## GOAL OF THE EXERCISE
Look below for the line containing "(\<forall>A \<in> sets"; from there, print each line exactly up to and including the line containing "x = (\<integral>y.", and stop.

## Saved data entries
(* Let $G$ be a locally compact group with identity $e$ and $1<p<\infty$. Let $J$ be a closed ideal in $B_p(G)$ such that there exists $u\in J$ with $u(e)\neq 0$. Then $TIMB^*_p(G)\subseteq J^{\perp\perp}$, where $J^{\perp}=\{T\in B_p(G)^*: T|_J=0\}$ and $J^{\perp\perp}=\{F\in B_p(G)^{**}: F|_{J^\perp}=0\}$.
   Context: For $1<p<\infty$ and $\frac1p+\frac1q=1$, the Herz algebra $A_p(G)$ is the space of functions $u=\sum_{i=1}^\infty g_i*f_i^{\vee}$ with $f_i\in L^p(G)$, $g_i\in L^q(G)$, $\sum_i\|f_i\|_p\|g_i\|_q<\infty$, where $f^\vee(x)=f(x^{-1})$ and convolution is with respect to a left Haar measure; it is a commutative Banach algebra under pointwise multiplication with norm $\|u\|_{A_p}=\inf\sum_i\|f_i\|_p\|g_i\|_q$. $B_p(G)$ is the set of bounded continuous functions $u$ on $G$ with $uv\in A_p(G)$ for all $v\in A_p(G)$, normed by $\|u\|=\sup\{\|uv\|_{A_p}:\|v\|_{A_p}\le 1\}$; it is a commutative Banach algebra under pointwise multiplication. $I\in B_p(G)^*$ is $I(u)=u(e)$. Module actions: for $\phi\in B_p(G)^*$, $u\in B_p(G)$, $(\phi u)(v)=\phi(uv)$; for $F\in B_p(G)^{**}$, $(uF)(\phi)=F(\phi u)$. $TIMB^*_p(G)$ (topological invariant means on $B_p(G)^*$) is the set of $F\in B_p(G)^{**}$ with $\|F\|=F(I)=1$ and $uF=u(e)F$ for all $u\in B_p(G)$. *)

theory Defs
  imports "HOL-Analysis.Analysis"
begin

text \<open>The locally compact group G is a type 'a of class topological_group_add
(written additively, not necessarily commutative): identity e = 0, inverse
x^{-1} = - x, product x y = x + y.\<close>

definition lc_group :: "'a::{topological_group_add, t2_space} itself \<Rightarrow> bool" where
  "lc_group T \<longleftrightarrow> locally_compact_space (euclidean :: 'a topology)"

definition left_haar :: "'a::{topological_group_add, t2_space} measure \<Rightarrow> bool" where
  "left_haar \<mu> \<longleftrightarrow>
     sets \<mu> = sets borel \<and>
     (\<forall>x. \<forall>A \<in> sets borel. emeasure \<mu> ((\<lambda>y. x + y) ` A) = emeasure \<mu> A) \<and>
     (\<forall>K. compact K \<longrightarrow> emeasure \<mu> K < \<infinity>) \<and>
     (\<forall>U. open U \<and> U \<noteq> {} \<longrightarrow> emeasure \<mu> U > 0) \<and>
     (\<forall>A \<in> sets borel. emeasure \<mu> A = (INF U \<in> {U. open U \<and> A \<subseteq> U}. emeasure \<mu> U)) \<and>
     (\<forall>U. open U \<longrightarrow> emeasure \<mu> U = (SUP K \<in> {K. compact K \<and> K \<subseteq> U}. emeasure \<mu> K))"

definition conj_exp :: "real \<Rightarrow> real" where
  "conj_exp p = p / (p - 1)"

definition Lp :: "'a measure \<Rightarrow> real \<Rightarrow> ('a \<Rightarrow> complex) set" where
  "Lp \<mu> p = {f. f \<in> borel_measurable \<mu> \<and> integrable \<mu> (\<lambda>x. norm (f x) powr p)}"

definition Lp_norm :: "'a measure \<Rightarrow> real \<Rightarrow> ('a \<Rightarrow> complex) \<Rightarrow> real" where
  "Lp_norm \<mu> p f = (\<integral>x. norm (f x) powr p \<partial>\<mu>) powr (1 / p)"

text \<open>(g * f^\<or>)(x) = \<integral> g(y) f^\<or>(y^{-1} x) dy = \<integral> g(y) f(x^{-1} y) dy\<close>
definition conv_check :: "'a::group_add measure \<Rightarrow> ('a \<Rightarrow> complex) \<Rightarrow> ('a \<Rightarrow> complex) \<Rightarrow> 'a \<Rightarrow> complex" where
  "conv_check \<mu> g f x = (\<integral>y. g y * f (- x + y) \<partial>\<mu>)"

definition Ap_rep :: "'a::group_add measure \<Rightarrow> real \<Rightarrow> (nat \<Rightarrow> 'a \<Rightarrow> complex) \<Rightarrow> (nat \<Rightarrow> 'a \<Rightarrow> complex) \<Rightarrow> ('a \<Rightarrow> complex) \<Rightarrow> bool" where
  "Ap_rep \<mu> p f g u \<longleftrightarrow>
     (\<forall>i. f i \<in> Lp \<mu> p \<and> g i \<in> Lp \<mu> (conj_exp p)) \<and>
     summable (\<lambda>i. Lp_norm \<mu> p (f i) * Lp_norm \<mu> (conj_exp p) (g i)) \<and>
     (\<forall>x. (\<lambda>i. conv_check \<mu> (g i) (f i) x) sums u x)"

definition Ap :: "'a::group_add measure \<Rightarrow> real \<Rightarrow> ('a \<Rightarrow> complex) set" where
  "Ap \<mu> p = {u. \<exists>f g. Ap_rep \<mu> p f g u}"

definition Ap_norm :: "'a::group_add measure \<Rightarrow> real \<Rightarrow> ('a \<Rightarrow> complex) \<Rightarrow> real" where
  "Ap_norm \<mu> p u = Inf {(\<Sum>i. Lp_norm \<mu> p (f i) * Lp_norm \<mu> (conj_exp p) (g i)) | f g. Ap_rep \<mu> p f g u}"

definition Bp :: "'a::{topological_group_add, t2_space} measure \<Rightarrow> real \<Rightarrow> ('a \<Rightarrow> complex) set" where
  "Bp \<mu> p = {u. continuous_on UNIV u \<and> bounded (range u) \<and>
                (\<forall>v \<in> Ap \<mu> p. (\<lambda>x. u x * v x) \<in> Ap \<mu> p)}"

definition Bp_norm :: "'a::{topological_group_add, t2_space} measure \<Rightarrow> real \<Rightarrow> ('a \<Rightarrow> complex) \<Rightarrow> real" where
  "Bp_norm \<mu> p u = Sup {Ap_norm \<mu> p (\<lambda>x. u x * v x) | v. v \<in> Ap \<mu> p \<and> Ap_norm \<mu> p v \<le> 1}"

text \<open>The dual B_p(G)^*: bounded linear functionals on B_p(G), represented
extensionally (value 0 outside B_p(G)), so that functionals are determined by
their values on B_p(G).\<close>
definition Bp_dual :: "'a::{topological_group_add, t2_space} measure \<Rightarrow> real \<Rightarrow> (('a \<Rightarrow> complex) \<Rightarrow> complex) set" where
  "Bp_dual \<mu> p = {\<phi>. (\<forall>v. v \<notin> Bp \<mu> p \<longrightarrow> \<phi> v = 0) \<and>
      (\<forall>u \<in> Bp \<mu> p. \<forall>v \<in> Bp \<mu> p. \<phi> (\<lambda>x. u x + v x) = \<phi> u + \<phi> v) \<and>
      (\<forall>c. \<forall>u \<in> Bp \<mu> p. \<phi> (\<lambda>x. c * u x) = c * \<phi> u) \<and>
      (\<exists>C. \<forall>u \<in> Bp \<mu> p. norm (\<phi> u) \<le> C * Bp_norm \<mu> p u)}"

definition dual_norm :: "'a::{topological_group_add, t2_space} measure \<Rightarrow> real \<Rightarrow> (('a \<Rightarrow> complex) \<Rightarrow> complex) \<Rightarrow> real" where
  "dual_norm \<mu> p \<phi> = Sup {norm (\<phi> u) | u. u \<in> Bp \<mu> p \<and> Bp_norm \<mu> p u \<le> 1}"

definition Bp_bidual :: "'a::{topological_group_add, t2_space} measure \<Rightarrow> real \<Rightarrow> ((('a \<Rightarrow> complex) \<Rightarrow> complex) \<Rightarrow> complex) set" where
  "Bp_bidual \<mu> p = {F. (\<forall>\<phi>. \<phi> \<notin> Bp_dual \<mu> p \<longrightarrow> F \<phi> = 0) \<and>
      (\<forall>\<phi> \<in> Bp_dual \<mu> p. \<forall>\<psi> \<in> Bp_dual \<mu> p. F (\<lambda>v. \<phi> v + \<psi> v) = F \<phi> + F \<psi>) \<and>
      (\<forall>c. \<forall>\<phi> \<in> Bp_dual \<mu> p. F (\<lambda>v. c * \<phi> v) = c * F \<phi>) \<and>
      (\<exists>C. \<forall>\<phi> \<in> Bp_dual \<mu> p. norm (F \<phi>) \<le> C * dual_norm \<mu> p \<phi>)}"

definition bidual_norm :: "'a::{topological_group_add, t2_space} measure \<Rightarrow> real \<Rightarrow> ((('a \<Rightarrow> complex) \<Rightarrow> complex) \<Rightarrow> complex) \<Rightarrow> real" where
  "bidual_norm \<mu> p F = Sup {norm (F \<phi>) | \<phi>. \<phi> \<in> Bp_dual \<mu> p \<and> dual_norm \<mu> p \<phi> \<le> 1}"

definition eval_e :: "'a::{topological_group_add, t2_space} measure \<Rightarrow> real \<Rightarrow> ('a \<Rightarrow> complex) \<Rightarrow> complex" where
  "eval_e \<mu> p = (\<lambda>v. if v \<in> Bp \<mu> p then v 0 else 0)"

definition dual_act :: "'a::{topological_group_add, t2_space} measure \<Rightarrow> real \<Rightarrow> (('a \<Rightarrow> complex) \<Rightarrow> complex) \<Rightarrow> ('a \<Rightarrow> complex) \<Rightarrow> (('a \<Rightarrow> complex) \<Rightarrow> complex)" where
  "dual_act \<mu> p \<phi> u = (\<lambda>v. if v \<in> Bp \<mu> p then \<phi> (\<lambda>x. u x * v x) else 0)"

definition bidual_act :: "'a::{topological_group_add, t2_space} measure \<Rightarrow> real \<Rightarrow> ('a \<Rightarrow> complex) \<Rightarrow> ((('a \<Rightarrow> complex) \<Rightarrow> complex) \<Rightarrow> complex) \<Rightarrow> ((('a \<Rightarrow> complex) \<Rightarrow> complex) \<Rightarrow> complex)" where
  "bidual_act \<mu> p u F = (\<lambda>\<phi>. F (dual_act \<mu> p \<phi> u))"

definition TIMB :: "'a::{topological_group_add, t2_space} measure \<Rightarrow> real \<Rightarrow> ((('a \<Rightarrow> complex) \<Rightarrow> complex) \<Rightarrow> complex) set" where
  "TIMB \<mu> p = {F. F \<in> Bp_bidual \<mu> p \<and> bidual_norm \<mu> p F = 1 \<and> F (eval_e \<mu> p) = 1 \<and>
      (\<forall>u \<in> Bp \<mu> p. \<forall>\<phi> \<in> Bp_dual \<mu> p. bidual_act \<mu> p u F \<phi> = u 0 * F \<phi>)}"

definition closed_ideal_Bp :: "'a::{topological_group_add, t2_space} measure \<Rightarrow> real \<Rightarrow> ('a \<Rightarrow> complex) set \<Rightarrow> bool" where
  "closed_ideal_Bp \<mu> p J \<longleftrightarrow> J \<subseteq> Bp \<mu> p \<and> (\<lambda>x. 0) \<in> J \<and>
     (\<forall>u \<in> J. \<forall>v \<in> J. (\<lambda>x. u x + v x) \<in> J) \<and>
     (\<forall>c. \<forall>u \<in> J. (\<lambda>x. c * u x) \<in> J) \<and>
     (\<forall>u \<in> Bp \<mu> p. \<forall>v \<in> J. (\<lambda>x. u x * v x) \<in> J) \<and>
     (\<forall>u \<in> Bp \<mu> p. (\<forall>\<epsilon>>0. \<exists>v \<in> J. Bp_norm \<mu> p (\<lambda>x. u x - v x) < \<epsilon>) \<longrightarrow> u \<in> J)"

definition annihilator :: "'a::{topological_group_add, t2_space} measure \<Rightarrow> real \<Rightarrow> ('a \<Rightarrow> complex) set \<Rightarrow> (('a \<Rightarrow> complex) \<Rightarrow> complex) set" where
  "annihilator \<mu> p J = {T \<in> Bp_dual \<mu> p. \<forall>u \<in> J. T u = 0}"

definition biannihilator :: "'a::{topological_group_add, t2_space} measure \<Rightarrow> real \<Rightarrow> ('a \<Rightarrow> complex) set \<Rightarrow> ((('a \<Rightarrow> complex) \<Rightarrow> complex) \<Rightarrow> complex) set" where
  "biannihilator \<mu> p J = {F \<in> Bp_bidual \<mu> p. \<forall>T \<in> annihilator \<mu> p J. F T = 0}"

end

theory Submission
  imports Defs
begin

text \<open>Pick \<open>u \<in> J\<close> with \<open>u(e) \<noteq> 0\<close>. For \<open>T \<in> J\<^sup>\<perp>\<close> the functional \<open>T u\<close> vanishes, since
\<open>J\<close> is an ideal; topological invariance of \<open>F\<close> then gives \<open>u(e) F(T) = (u F)(T) = F(T u) = F(0) = 0\<close>.\<close>

lemma zero_in_Bp_dual: "(\<lambda>v. 0) \<in> Bp_dual \<mu> p"
  unfolding Bp_dual_def by (auto intro!: exI[of _ 0])

lemma Bp_bidual_zero:
  assumes "F \<in> Bp_bidual \<mu> p"
  shows "F (\<lambda>v. 0) = 0"
proof -
  have "\<forall>c. \<forall>\<phi> \<in> Bp_dual \<mu> p. F (\<lambda>v. c * \<phi> v) = c * F \<phi>"
    using assms unfolding Bp_bidual_def by blast
  then have "F (\<lambda>v. 0 * (\<lambda>v. 0) v) = 0 * F (\<lambda>v. 0)"
    using zero_in_Bp_dual by (rule bspec[OF spec[of _ 0]])
  then show ?thesis by simp
qed

lemma dual_act_annihilator:
  assumes "closed_ideal_Bp \<mu> p J" and "T \<in> annihilator \<mu> p J" and "u \<in> J"
  shows "dual_act \<mu> p T u = (\<lambda>v. 0)"
proof
  fix v
  show "dual_act \<mu> p T u v = 0"
  proof (cases "v \<in> Bp \<mu> p")
    case True
    then have "(\<lambda>x. v x * u x) \<in> J"
      using assms(1,3) unfolding closed_ideal_Bp_def by blast
    then have "T (\<lambda>x. u x * v x) = 0"
      using assms(2) unfolding annihilator_def by (simp add: mult.commute)
    with True show ?thesis unfolding dual_act_def by simp
  qed (simp add: dual_act_def)
qed

lemma TIMB_vanishes_on_dual_act_kernel:
  assumes F: "F \<in> TIMB \<mu> p" and u: "u \<in> Bp \<mu> p" "u 0 \<noteq> 0"
    and T: "T \<in> Bp_dual \<mu> p" "dual_act \<mu> p T u = (\<lambda>v. 0)"
  shows "F T = 0"
proof -
  have "u 0 * F T = bidual_act \<mu> p u F T"
    using F u T unfolding TIMB_def by simp
  also have "\<dots> = F (\<lambda>v. 0)"
    using T unfolding bidual_act_def by simp
  also have "\<dots> = 0"
    using F unfolding TIMB_def by (blast intro: Bp_bidual_zero)
  finally show ?thesis using u by simp
qed

theorem theorem3p5:
  fixes \<mu> :: "'a::{topological_group_add, t2_space} measure"
    and p :: real and J :: "('a \<Rightarrow> complex) set"
  assumes "lc_group TYPE('a)"
    and "left_haar \<mu>"
    and "1 < p"
    and "closed_ideal_Bp \<mu> p J"
    and "\<exists>u \<in> J. u 0 \<noteq> 0"
  shows "TIMB \<mu> p \<subseteq> biannihilator \<mu> p J"
proof
  fix F assume F: "F \<in> TIMB \<mu> p"
  obtain u where u: "u \<in> J" "u 0 \<noteq> 0" using assms(5) by blast
  have uB: "u \<in> Bp \<mu> p" using assms(4) u(1) unfolding closed_ideal_Bp_def by blast
  have "F T = 0" if T: "T \<in> annihilator \<mu> p J" for T
    using TIMB_vanishes_on_dual_act_kernel[OF F uB u(2)]
      dual_act_annihilator[OF assms(4) T u(1)] T
    unfolding annihilator_def by blast
  with F show "F \<in> biannihilator \<mu> p J"
    unfolding biannihilator_def TIMB_def by blast
qed

end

## RESULT OF THE TASK
     (\<forall>A \<in> sets borel. emeasure \<mu> A = (INF U \<in> {U. open U \<and> A \<subseteq> U}. emeasure \<mu> U)) \<and>
     (\<forall>U. open U \<longrightarrow> emeasure \<mu> U = (SUP K \<in> {K. compact K \<and> K \<subseteq> U}. emeasure \<mu> K))"

definition conj_exp :: "real \<Rightarrow> real" where
  "conj_exp p = p / (p - 1)"

definition Lp :: "'a measure \<Rightarrow> real \<Rightarrow> ('a \<Rightarrow> complex) set" where
  "Lp \<mu> p = {f. f \<in> borel_measurable \<mu> \<and> integrable \<mu> (\<lambda>x. norm (f x) powr p)}"

definition Lp_norm :: "'a measure \<Rightarrow> real \<Rightarrow> ('a \<Rightarrow> complex) \<Rightarrow> real" where
  "Lp_norm \<mu> p f = (\<integral>x. norm (f x) powr p \<partial>\<mu>) powr (1 / p)"

text \<open>(g * f^\<or>)(x) = \<integral> g(y) f^\<or>(y^{-1} x) dy = \<integral> g(y) f(x^{-1} y) dy\<close>
definition conv_check :: "'a::group_add measure \<Rightarrow> ('a \<Rightarrow> complex) \<Rightarrow> ('a \<Rightarrow> complex) \<Rightarrow> 'a \<Rightarrow> complex" where
  "conv_check \<mu> g f x = (\<integral>y. g y * f (- x + y) \<partial>\<mu>)"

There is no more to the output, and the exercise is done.